lemma res_right_inverse:
  "\<bar>t\<bar> \<le> c / 2 \<Longrightarrow> (M + t *\<^sub>R E) *v (res t *v x) = x"
  using coercive_matrix_inverse(1)[OF _ perturbed_coercive] c_pos
  by (simp add: res_def matrix_vector_mul_assoc)

lemma norm_res_le:
  "\<bar>t\<bar> \<le> c / 2 \<Longrightarrow> norm (res t *v x) \<le> 2 / c * norm x"
  using coercive_matrix_inverse(3)[OF _ perturbed_coercive] c_pos
  by (simp add: res_def mult.commute)

lemma transpose_res:
  assumes "\<bar>t\<bar> \<le> c / 2"
  shows "transpose (res t) = res t"
proof -
  have "transpose (M + t *\<^sub>R E) = M + t *\<^sub>R E"
    by (simp add: transpose_add transpose_scalar M_symmetric E_symmetric)
  then show ?thesis
    unfolding res_def
    using coercive_matrix_inverse(1)[OF _ perturbed_coercive[OF assms]] c_pos
    by (intro symmetric_matrix_inv) auto
qed

lemma res_inner_commute:
  "\<bar>t\<bar> \<le> c / 2 \<Longrightarrow> u \<bullet> (res t *v v) = (res t *v u) \<bullet> v"
  by (rule symmetric_matrix_inner[OF transpose_res])

lemma res_diff:
  assumes "\<bar>t\<bar> \<le> c / 2" "\<bar>s\<bar> \<le> c / 2"
  shows "res t *v u - res s *v v = res t *v (u - v - (t - s) *\<^sub>R (E *v (res s *v v)))"
proof -
  have eq: "(M + t *\<^sub>R E) *v (res s *v v) = v + (t - s) *\<^sub>R (E *v (res s *v v))"
    using res_right_inverse[OF assms(2), of v]
    by (simp add: matrix_vector_mult_add_rdistrib algebra_simps flip: scaleR_matrix_vector_assoc)
  have "res t *v (u - v - (t - s) *\<^sub>R (E *v (res s *v v)))
        = res t *v (u - (M + t *\<^sub>R E) *v (res s *v v))"
    by (simp only: eq diff_diff_eq)
  also have "\<dots> = res t *v u - res s *v v"
    by (simp add: matrix_vector_mult_diff_distrib res_left_inverse[OF assms(1)])
  finally show ?thesis ..
qed

lemma eventually_near_res_domain:
  assumes "\<bar>s\<bar> < c / 2"
  shows "eventually (\<lambda>t. \<bar>t\<bar> \<le> c / 2) (at s)"
proof -
  have "((\<lambda>t. \<bar>t\<bar>) \<longlongrightarrow> \<bar>s\<bar>) (at s)"
    by (intro tendsto_intros)
  from order_tendstoD(2)[OF this assms] show ?thesis
    by (rule eventually_mono) simp
qed

lemma tendsto_res:
  assumes "\<bar>s\<bar> < c / 2" and "(u \<longlongrightarrow> v) (at s)"
  shows "((\<lambda>t. res t *v u t) \<longlongrightarrow> res s *v v) (at s)"
proof -
  let ?d = "\<lambda>t. u t - v - (t - s) *\<^sub>R (E *v (res s *v v))"
  have "eventually (\<lambda>t. norm (res t *v u t - res s *v v) \<le> 2 / c * norm (?d t)) (at s)"
    using eventually_near_res_domain[OF assms(1)]
  proof eventually_elim
    case (elim t)
    then show ?case
      using res_diff[of t s] norm_res_le assms(1) by simp
  qed
  moreover have "((\<lambda>t. 2 / c * norm (?d t)) \<longlongrightarrow> 0) (at s)"
    by (rule tendsto_eq_intros assms(2) refl | simp)+
  ultimately have "((\<lambda>t. res t *v u t - res s *v v) \<longlongrightarrow> 0) (at s)"
    by (rule Lim_null_comparison)
  then show ?thesis
    by (rule LIM_zero_cancel)
qed

lemma has_vector_derivative_res:
  assumes "\<bar>s\<bar> < c / 2" and "(u has_vector_derivative u') (at s)"
  shows "((\<lambda>t. res t *v u t) has_vector_derivative res s *v (u' - E *v (res s *v u s))) (at s)"
proof -
  let ?q = "\<lambda>t. (u t - u s) /\<^sub>R (t - s) - E *v (res s *v u s)"
  have "((\<lambda>t. (u t - u s) /\<^sub>R (t - s)) \<longlongrightarrow> u') (at s)"
    using assms(2) by (simp add: has_vector_derivative_iff_quotient)
  then have "(?q \<longlongrightarrow> u' - E *v (res s *v u s)) (at s)"
    by (intro tendsto_intros)
  then have "((\<lambda>t. res t *v ?q t) \<longlongrightarrow> res s *v (u' - E *v (res s *v u s))) (at s)"
    by (rule tendsto_res[OF assms(1)])
  moreover have "eventually (\<lambda>t. res t *v ?q t = (res t *v u t - res s *v u s) /\<^sub>R (t - s)) (at s)"
    using eventually_near_res_domain[OF assms(1)] eventually_neq_at_within[of s s UNIV]
  proof eventually_elim
    case (elim t)
    then have "?q t = (u t - u s - (t - s) *\<^sub>R (E *v (res s *v u s))) /\<^sub>R (t - s)"
      by (simp add: scaleR_diff_right)
    then show ?case
      using res_diff[of t s "u t" "u s"] assms(1) elim
      by (simp add: matrix_vector_mult_scaleR)
  qed
  ultimately show ?thesis
    by (simp add: has_vector_derivative_iff_quotient tendsto_cong)
qed

lemma has_vector_derivative_res_apply:
  assumes "\<bar>s\<bar> < c / 2"
  shows "((\<lambda>t. res t *v y) has_vector_derivative - (res s *v (E *v (res s *v y)))) (at s)"
  using has_vector_derivative_res[OF assms has_vector_derivative_const]
  by (simp add: matrix_vector_mult_minus_right)

lemma has_real_derivative_norm_res_squared:
  assumes "\<bar>s\<bar> < c / 2"
  shows "((\<lambda>t. (norm (res t *v y))\<^sup>2) has_real_derivative
          - 2 * ((res s *v (res s *v y)) \<bullet> (E *v (res s *v y)))) (at s)"
proof -
  let ?a = "res s *v y"
  note da = has_vector_derivative_res_apply[OF assms, of y]
  have "((\<lambda>t. (res t *v y) \<bullet> (res t *v y)) has_vector_derivative
          ?a \<bullet> - (res s *v (E *v ?a)) + - (res s *v (E *v ?a)) \<bullet> ?a) (at s)"
    by (rule bounded_bilinear.has_vector_derivative[OF bounded_bilinear_inner da da])
  moreover have "?a \<bullet> - (res s *v (E *v ?a)) + - (res s *v (E *v ?a)) \<bullet> ?a
                 = - 2 * ((res s *v ?a) \<bullet> (E *v ?a))"
    using res_inner_commute[of s ?a "E *v ?a"] assms by (simp add: inner_commute)
  ultimately show ?thesis
    by (simp add: has_real_derivative_iff_has_vector_derivative dot_square_norm)
qed

lemma has_real_derivative_inner_res:
  fixes y :: "real^'n"
  assumes "\<bar>s\<bar> < c / 2"
  defines "a \<equiv> res s *v y" and "b \<equiv> res s *v (res s *v y)"
  shows "((\<lambda>t. (res t *v (res t *v y)) \<bullet> (E *v (res t *v y))) has_real_derivative
          - ((norm (res s *v (E *v a)))\<^sup>2 + 2 * (b \<bullet> (E *v (res s *v (E *v a)))))) (at s)"
proof -
  let ?w = "E *v a"
  have da: "((\<lambda>t. res t *v y) has_vector_derivative - (res s *v ?w)) (at s)"
    unfolding a_def by (rule has_vector_derivative_res_apply[OF assms(1)])
  have db: "((\<lambda>t. res t *v (res t *v y)) has_vector_derivative
               - (res s *v (res s *v ?w)) - res s *v (E *v b)) (at s)"
    using has_vector_derivative_res[OF assms(1) da]
    by (simp add: a_def b_def matrix_vector_mult_diff_distrib matrix_vector_mult_minus_right)
  have dEa: "((\<lambda>t. E *v (res t *v y)) has_vector_derivative - (E *v (res s *v ?w))) (at s)"
    using bounded_linear.has_vector_derivative[OF matrix_vector_mul_bounded_linear da]
    by (simp add: matrix_vector_mult_minus_right)
  have "((\<lambda>t. (res t *v (res t *v y)) \<bullet> (E *v (res t *v y))) has_vector_derivative
          b \<bullet> - (E *v (res s *v ?w)) + (- (res s *v (res s *v ?w)) - res s *v (E *v b)) \<bullet> ?w) (at s)"
    using bounded_bilinear.has_vector_derivative[OF bounded_bilinear_inner db dEa]
    by (simp add: a_def b_def)
  moreover have "(res s *v (res s *v ?w)) \<bullet> ?w = (norm (res s *v ?w))\<^sup>2"
    using res_inner_commute[of s ?w "res s *v ?w"] assms(1)
    by (simp add: inner_commute dot_square_norm)
  moreover have "(res s *v (E *v b)) \<bullet> ?w = b \<bullet> (E *v (res s *v ?w))"
    using res_inner_commute[of s ?w "E *v b"] assms(1)
      symmetric_matrix_inner[OF E_symmetric, of b "res s *v ?w"]
    by (simp add: inner_commute)
  ultimately show ?thesis
    by (simp add: has_real_derivative_iff_has_vector_derivative inner_diff_left algebra_simps)
qed

end

lemma R_term_eq_inner:
  assumes "transpose (krr_A lam K) = krr_A lam K"
  shows "R_term lam y K i j = 4 * lam\<^sup>2 *
           (krr_beta lam y K \<bullet> (Emat i j *v (krr_A lam K *v (Emat i j *v krr_alpha lam y K))))"
proof -
  have "krr_A lam K $ j $ i = krr_A lam K $ i $ j"
    using assms by (metis transpose_def vec_lambda_beta)
  then show ?thesis
    by (simp add: R_term_def Let_def inner_Emat Emat_mult_entry algebra_simps)
qed

lemma H_tilde_R_term_vanish:
  assumes "krr_alpha lam y K $ i = 0" "krr_alpha lam y K $ j = 0"
  shows "H_tilde lam y K i j = 0 \<and> R_term lam y K i j = 0"
  using assms by (simp add: H_tilde_def R_term_def Let_def Emat_mult)

locale krr_entry_perturbation =
  fixes K :: "real^'n^'n" and lam :: real and i j :: 'n
  assumes K_psd: "psd_sym K" and lam_pos: "0 < lam" and ij: "i \<noteq> j"
text \<open>
  The upper bound comes from the annihilator \<open>[y = 0] = 1 - y ^ (2 ^ m - 1)\<close>, which has degree
  \<open>wt(2 ^ m - 1) = m\<close> and vanishes on the support of \<open>f\<close>.

  For the lower bound (\<open>r = 1\<close>) let \<open>g\<close> of degree \<open>< m\<close> annihilate \<open>f\<close> or \<open>f + 1\<close>. On the curve
  \<open>x = \<gamma> y ^ u\<close> the monomial \<open>x ^ i y ^ j\<close> becomes \<open>\<gamma> ^ i y ^ t\<close> with \<open>t = u i + j mod 2 ^ m - 1\<close>, so
  \<open>g(\<gamma> y ^ u, y) = \<Sum>\<^sub>t P\<^sub>t(\<gamma>) y ^ t\<close>, and vanishing for all \<open>y \<noteq> 0\<close> forces every \<open>P\<^sub>t\<close> to vanish on
  \<open>\<Delta>\<^sub>s\<close> or on its complement. The degree bound confines the exponents of \<open>P\<^sub>t\<close> to the first
  coordinates of \<open>S\<^sub>t\<close>: at most \<open>2 ^ (m - 1)\<close> exponents, among them \<open>0\<close>. Both \<open>\<Delta>\<^sub>s\<close> and its
  complement (\<open>0\<close> and \<open>2 ^ (m - 1) - 1\<close> consecutive powers of \<open>\<alpha>\<close>) then supply enough consecutive
  powers for a Vandermonde argument, so \<open>P\<^sub>t = 0\<close>. Since \<open>j \<mapsto> u i + j\<close> is injective modulo
  \<open>2 ^ m - 1\<close> and \<open>j = 2 ^ m - 1\<close> is excluded by the degree bound, every coefficient of \<open>g\<close> is a
  coefficient of some \<open>P\<^sub>t\<close>, hence \<open>g = 0\<close>.
\<close>

section \<open>Binary weights\<close>

lemma bit_imp_less_if_less_power:
  assumes "(n::nat) < 2 ^ m" "bit n j"
  shows "j < m"
  using assms by (metis bit_take_bit_iff take_bit_nat_eq_self)

lemma bin_wt_le:
  assumes "(n::nat) < 2 ^ m"
  shows "bin_wt n \<le> m"
proof -
  have "{j. bit n j} \<subseteq> {..<m}"
    using assms bit_imp_less_if_less_power by blast
  then show ?thesis
    unfolding bin_wt_def by (metis card_lessThan card_mono finite_lessThan)
qed

lemma bin_wt_0 [simp]: "bin_wt 0 = 0"
  by (simp add: bin_wt_def)

lemma bits_two_power_minus_one: "{j. bit ((2::nat) ^ m - 1) j} = {..<m}"
proof -
  have "(2::nat) ^ m - 1 = mask m"
    by (simp add: mask_eq_exp_minus_1)
  then show ?thesis
    by (simp add: bit_mask_iff lessThan_def)
qed

lemma bin_wt_mask: "bin_wt (2 ^ m - 1) = m"
  unfolding bin_wt_def bits_two_power_minus_one by simp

- - -

■ Problem description:
Find how many of the lines above have the word "gamma" in them. State only that number.

■ The completed task:
2